Supplied data: Begin

text \<open>
  Continuity of the t-definer at 0 makes it behave like a genuine triangle inequality in the
  small: for every \<open>e > 0\<close> there is \<open>\<delta> > 0\<close> with \<open>d x y < e\<close> whenever \<open>d x z < \<delta>\<close> and \<open>d z y < \<delta>\<close>.
  With this the classical Cantor argument goes through. If \<open>X\<close> is complete, choosing \<open>F\<^sub>n\<close> of
  diameter below \<open>1/(n+1)\<close> and \<open>x\<^sub>n \<in> F\<^sub>0 \<inter> \<dots> \<inter> F\<^sub>n\<close> gives a Cauchy sequence, and its limit
  adheres to, hence lies in, every closed member of the family. Conversely, for a Cauchy
  sequence the closures of its tails form a decreasing family of closed sets of vanishing
  diameter; a common point is a limit of the sequence.
\<close>

lemma t_definer_small:
  assumes "t_definer st" and "e > 0"
  obtains \<delta> where "\<delta> > 0" and "\<And>a b. 0 \<le> a \<Longrightarrow> a \<le> \<delta> \<Longrightarrow> 0 \<le> b \<Longrightarrow> b \<le> \<delta> \<Longrightarrow> st a b < e"
proof -
  define \<eta> where "\<eta> = e / 2"
  have \<eta>: "0 < \<eta>" "\<eta> < e" using \<open>e > 0\<close> by (auto simp: \<eta>_def)
  have comm: "\<And>a b. 0 \<le> a \<Longrightarrow> 0 \<le> b \<Longrightarrow> st a b = st b a"
    and mono: "\<And>a b c. 0 \<le> a \<Longrightarrow> 0 \<le> b \<Longrightarrow> 0 \<le> c \<Longrightarrow> a \<le> b \<Longrightarrow> st a c \<le> st b c"
    and unit: "\<And>a. 0 \<le> a \<Longrightarrow> st a 0 = a"
    and cont: "continuous_on {0..} (\<lambda>a. st a \<eta>)"
    using assms(1) \<eta> unfolding t_definer_def by auto
  have "st 0 \<eta> = \<eta>" using comm[of 0 \<eta>] unit[of \<eta>] \<eta> by simp
  with cont \<eta> obtain r where r: "r > 0" "\<And>a. 0 \<le> a \<Longrightarrow> \<bar>a\<bar> < r \<Longrightarrow> \<bar>st a \<eta> - \<eta>\<bar> < e - \<eta>"
    unfolding continuous_on_iff dist_real_def
    by (metis atLeast_iff diff_gt_0_iff_gt diff_zero order_refl)
  define \<delta> where "\<delta> = min (r / 2) \<eta>"
  have "\<delta> > 0" using r \<eta> by (simp add: \<delta>_def)
  have "st \<delta> \<eta> < e" using r(2)[of \<delta>] \<open>\<delta> > 0\<close> r(1) by (simp add: \<delta>_def abs_less_iff)
  moreover have "st a b \<le> st \<delta> \<eta>" if "0 \<le> a" "a \<le> \<delta>" "0 \<le> b" "b \<le> \<delta>" for a b
  proof -
    have "st a b \<le> st \<delta> b" using mono that by auto
    also have "\<dots> = st b \<delta>" using comm that by auto
    also have "\<dots> \<le> st \<eta> \<delta>" using mono that \<eta> by (auto simp: \<delta>_def)
    also have "\<dots> = st \<delta> \<eta>" using comm that \<eta> by auto
    finally show ?thesis .
  qed
  ultimately show ?thesis using that \<open>\<delta> > 0\<close> by fastforce
qed

lemma sdiam_less_imp_less:
  assumes "x \<in> A" "y \<in> A" "sdiam d A < ereal e"
  shows "d x y < e"
proof -
  have "ereal (d x y) \<le> sdiam d A"
    using assms by (auto simp: sdiam_def intro!: SUP_upper2[of "(x, y)"])
  also note assms(3)
  finally show ?thesis by simp
qed

lemma sdiam_le:
  assumes "\<And>x y. x \<in> A \<Longrightarrow> y \<in> A \<Longrightarrow> d x y \<le> c" "c \<ge> 0"
  shows "sdiam d A \<le> ereal c"
  unfolding sdiam_def using assms by (auto intro!: SUP_least)

lemma finite_intersection_property_decseq:
  assumes "decseq F" "\<And>n. F n \<noteq> {}"
  shows "finite_intersection_property (range F)"
  unfolding finite_intersection_property_def
proof (intro allI impI)
  fix \<G> assume "\<G> \<subseteq> range F" "finite \<G>"
  from finite_subset_image[OF \<open>finite \<G>\<close> this(1)]
  obtain N where N: "finite N" "\<G> = F ` N" by auto
  have "F (Max N) \<subseteq> F n" if "n \<in> N" for n
    using assms(1) Max_ge[OF N(1) that] by (simp add: decseq_def)
  then have "F (Max N) \<subseteq> \<Inter>\<G>" using N(2) by blast
  then show "\<Inter>\<G> \<noteq> {}" using assms(2) by blast
qed

lemma finite_intersection_property_obtain_seq:
  fixes G :: "nat \<Rightarrow> 'a set"
  assumes "finite_intersection_property \<F>" "\<And>n. G n \<in> \<F>"
  obtains x where "\<And>k n. k \<le> n \<Longrightarrow> x n \<in> G k"
proof -
  have "\<forall>n. \<exists>y. y \<in> \<Inter>(G ` {..n})"
  proof
    fix n
    have "G ` {..n} \<subseteq> \<F>" using assms(2) by blast
    moreover have "finite (G ` {..n})" "G ` {..n} \<noteq> {}" by simp_all
    ultimately show "\<exists>y. y \<in> \<Inter>(G ` {..n})"
      using assms(1) unfolding finite_intersection_property_def by blast
  qed
  then obtain x where "\<And>n. x n \<in> \<Inter>(G ` {..n})" by (auto simp only: choice_iff)
  then show ?thesis by (intro that) auto
qed

lemma scauchy_if_nested_sdiam:
  assumes "\<And>k n. k \<le> n \<Longrightarrow> x n \<in> G k"
    and "\<And>n. sdiam d (G n) < ereal (inverse (real (Suc n)))"
  shows "scauchy X d x"
  unfolding scauchy_def
proof (intro allI impI)
  fix e :: real assume "e > 0"
  then obtain k where k: "inverse (real (Suc k)) < e" using reals_Archimedean by blast
  have "d (x n) (x m) < e" if "k \<le> m" "k \<le> n" for m n
    using sdiam_less_imp_less[OF assms(1)[OF that(2)] assms(1)[OF that(1)] assms(2)] k by linarith
  then show "\<exists>k. \<forall>m\<ge>k. \<forall>n\<ge>k. d (x n) (x m) < e" by blast
qed

definition sclosure :: "'a set \<Rightarrow> ('a \<Rightarrow> 'a \<Rightarrow> real) \<Rightarrow> 'a set \<Rightarrow> 'a set" where
  "sclosure X d A = {y \<in> X. \<forall>r>0. \<exists>a\<in>A. d y a < r}"

lemma sclosure_mono: "A \<subseteq> B \<Longrightarrow> sclosure X d A \<subseteq> sclosure X d B"
  unfolding sclosure_def by blast

lemma sclosed_contains_adherent:
  assumes "sclosed X d F" "y \<in> X" "\<And>r. r > 0 \<Longrightarrow> \<exists>a\<in>F. d y a < r"
  shows "y \<in> F"
  using assms unfolding sclosed_def sopen_def by blast

locale star_metric_space =
  fixes st :: "real \<Rightarrow> real \<Rightarrow> real" and X :: "'a set" and d :: "'a \<Rightarrow> 'a \<Rightarrow> real"
  assumes t_definer: "t_definer st" and star_metric: "star_metric st X d"
begin

lemma d_nonneg: "x \<in> X \<Longrightarrow> y \<in> X \<Longrightarrow> d x y \<ge> 0"
  and d_self: "x \<in> X \<Longrightarrow> d x x = 0"
  and d_sym: "x \<in> X \<Longrightarrow> y \<in> X \<Longrightarrow> d x y = d y x"
  and d_triangle: "x \<in> X \<Longrightarrow> y \<in> X \<Longrightarrow> z \<in> X \<Longrightarrow> d x y \<le> st (d x z) (d z y)"
  using star_metric unfolding star_metric_def by auto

Supplied data: End

Exercise instructions:
Every line of the listing should be given again exactly.

Result of the exercise:
text \<open>
  Continuity of the t-definer at 0 makes it behave like a genuine triangle inequality in the
  small: for every \<open>e > 0\<close> there is \<open>\<delta> > 0\<close> with \<open>d x y < e\<close> whenever \<open>d x z < \<delta>\<close> and \<open>d z y < \<delta>\<close>.
  With this the classical Cantor argument goes through. If \<open>X\<close> is complete, choosing \<open>F\<^sub>n\<close> of
  diameter below \<open>1/(n+1)\<close> and \<open>x\<^sub>n \<in> F\<^sub>0 \<inter> \<dots> \<inter> F\<^sub>n\<close> gives a Cauchy sequence, and its limit
  adheres to, hence lies in, every closed member of the family. Conversely, for a Cauchy
  sequence the closures of its tails form a decreasing family of closed sets of vanishing
  diameter; a common point is a limit of the sequence.
\<close>

lemma t_definer_small:
  assumes "t_definer st" and "e > 0"
  obtains \<delta> where "\<delta> > 0" and "\<And>a b. 0 \<le> a \<Longrightarrow> a \<le> \<delta> \<Longrightarrow> 0 \<le> b \<Longrightarrow> b \<le> \<delta> \<Longrightarrow> st a b < e"
proof -
  define \<eta> where "\<eta> = e / 2"
  have \<eta>: "0 < \<eta>" "\<eta> < e" using \<open>e > 0\<close> by (auto simp: \<eta>_def)
  have comm: "\<And>a b. 0 \<le> a \<Longrightarrow> 0 \<le> b \<Longrightarrow> st a b = st b a"
    and mono: "\<And>a b c. 0 \<le> a \<Longrightarrow> 0 \<le> b \<Longrightarrow> 0 \<le> c \<Longrightarrow> a \<le> b \<Longrightarrow> st a c \<le> st b c"
    and unit: "\<And>a. 0 \<le> a \<Longrightarrow> st a 0 = a"
    and cont: "continuous_on {0..} (\<lambda>a. st a \<eta>)"
    using assms(1) \<eta> unfolding t_definer_def by auto
  have "st 0 \<eta> = \<eta>" using comm[of 0 \<eta>] unit[of \<eta>] \<eta> by simp
  with cont \<eta> obtain r where r: "r > 0" "\<And>a. 0 \<le> a \<Longrightarrow> \<bar>a\<bar> < r \<Longrightarrow> \<bar>st a \<eta> - \<eta>\<bar> < e - \<eta>"
    unfolding continuous_on_iff dist_real_def
    by (metis atLeast_iff diff_gt_0_iff_gt diff_zero order_refl)
  define \<delta> where "\<delta> = min (r / 2) \<eta>"
  have "\<delta> > 0" using r \<eta> by (simp add: \<delta>_def)
  have "st \<delta> \<eta> < e" using r(2)[of \<delta>] \<open>\<delta> > 0\<close> r(1) by (simp add: \<delta>_def abs_less_iff)
  moreover have "st a b \<le> st \<delta> \<eta>" if "0 \<le> a" "a \<le> \<delta>" "0 \<le> b" "b \<le> \<delta>" for a b
  proof -
    have "st a b \<le> st \<delta> b" using mono that by auto
    also have "\<dots> = st b \<delta>" using comm that by auto
    also have "\<dots> \<le> st \<eta> \<delta>" using mono that \<eta> by (auto simp: \<delta>_def)
    also have "\<dots> = st \<delta> \<eta>" using comm that \<eta> by auto
    finally show ?thesis .
  qed
  ultimately show ?thesis using that \<open>\<delta> > 0\<close> by fastforce
qed

lemma sdiam_less_imp_less:
  assumes "x \<in> A" "y \<in> A" "sdiam d A < ereal e"
  shows "d x y < e"
proof -
  have "ereal (d x y) \<le> sdiam d A"
    using assms by (auto simp: sdiam_def intro!: SUP_upper2[of "(x, y)"])
  also note assms(3)
  finally show ?thesis by simp
qed

lemma sdiam_le:
  assumes "\<And>x y. x \<in> A \<Longrightarrow> y \<in> A \<Longrightarrow> d x y \<le> c" "c \<ge> 0"
  shows "sdiam d A \<le> ereal c"
  unfolding sdiam_def using assms by (auto intro!: SUP_least)

lemma finite_intersection_property_decseq:
  assumes "decseq F" "\<And>n. F n \<noteq> {}"
  shows "finite_intersection_property (range F)"
  unfolding finite_intersection_property_def
proof (intro allI impI)
  fix \<G> assume "\<G> \<subseteq> range F" "finite \<G>"
  from finite_subset_image[OF \<open>finite \<G>\<close> this(1)]
  obtain N where N: "finite N" "\<G> = F ` N" by auto
  have "F (Max N) \<subseteq> F n" if "n \<in> N" for n
    using assms(1) Max_ge[OF N(1) that] by (simp add: decseq_def)
  then have "F (Max N) \<subseteq> \<Inter>\<G>" using N(2) by blast
  then show "\<Inter>\<G> \<noteq> {}" using assms(2) by blast
qed

lemma finite_intersection_property_obtain_seq:
  fixes G :: "nat \<Rightarrow> 'a set"
  assumes "finite_intersection_property \<F>" "\<And>n. G n \<in> \<F>"
  obtains x where "\<And>k n. k \<le> n \<Longrightarrow> x n \<in> G k"
proof -
  have "\<forall>n. \<exists>y. y \<in> \<Inter>(G ` {..n})"
  proof
    fix n
    have "G ` {..n} \<subseteq> \<F>" using assms(2) by blast
    moreover have "finite (G ` {..n})" "G ` {..n} \<noteq> {}" by simp_all
    ultimately show "\<exists>y. y \<in> \<Inter>(G ` {..n})"
      using assms(1) unfolding finite_intersection_property_def by blast
  qed
  then obtain x where "\<And>n. x n \<in> \<Inter>(G ` {..n})" by (auto simp only: choice_iff)
  then show ?thesis by (intro that) auto
qed

lemma scauchy_if_nested_sdiam:
  assumes "\<And>k n. k \<le> n \<Longrightarrow> x n \<in> G k"
    and "\<And>n. sdiam d (G n) < ereal (inverse (real (Suc n)))"
  shows "scauchy X d x"
  unfolding scauchy_def
proof (intro allI impI)
  fix e :: real assume "e > 0"
  then obtain k where k: "inverse (real (Suc k)) < e" using reals_Archimedean by blast
  have "d (x n) (x m) < e" if "k \<le> m" "k \<le> n" for m n
    using sdiam_less_imp_less[OF assms(1)[OF that(2)] assms(1)[OF that(1)] assms(2)] k by linarith
  then show "\<exists>k. \<forall>m\<ge>k. \<forall>n\<ge>k. d (x n) (x m) < e" by blast
qed

definition sclosure :: "'a set \<Rightarrow> ('a \<Rightarrow> 'a \<Rightarrow> real) \<Rightarrow> 'a set \<Rightarrow> 'a set" where
  "sclosure X d A = {y \<in> X. \<forall>r>0. \<exists>a\<in>A. d y a < r}"

lemma sclosure_mono: "A \<subseteq> B \<Longrightarrow> sclosure X d A \<subseteq> sclosure X d B"
  unfolding sclosure_def by blast

lemma sclosed_contains_adherent:
  assumes "sclosed X d F" "y \<in> X" "\<And>r. r > 0 \<Longrightarrow> \<exists>a\<in>F. d y a < r"
  shows "y \<in> F"
  using assms unfolding sclosed_def sopen_def by blast

locale star_metric_space =
  fixes st :: "real \<Rightarrow> real \<Rightarrow> real" and X :: "'a set" and d :: "'a \<Rightarrow> 'a \<Rightarrow> real"
  assumes t_definer: "t_definer st" and star_metric: "star_metric st X d"
begin

lemma d_nonneg: "x \<in> X \<Longrightarrow> y \<in> X \<Longrightarrow> d x y \<ge> 0"
  and d_self: "x \<in> X \<Longrightarrow> d x x = 0"
  and d_sym: "x \<in> X \<Longrightarrow> y \<in> X \<Longrightarrow> d x y = d y x"
  and d_triangle: "x \<in> X \<Longrightarrow> y \<in> X \<Longrightarrow> z \<in> X \<Longrightarrow> d x y \<le> st (d x z) (d z y)"
  using star_metric unfolding star_metric_def by auto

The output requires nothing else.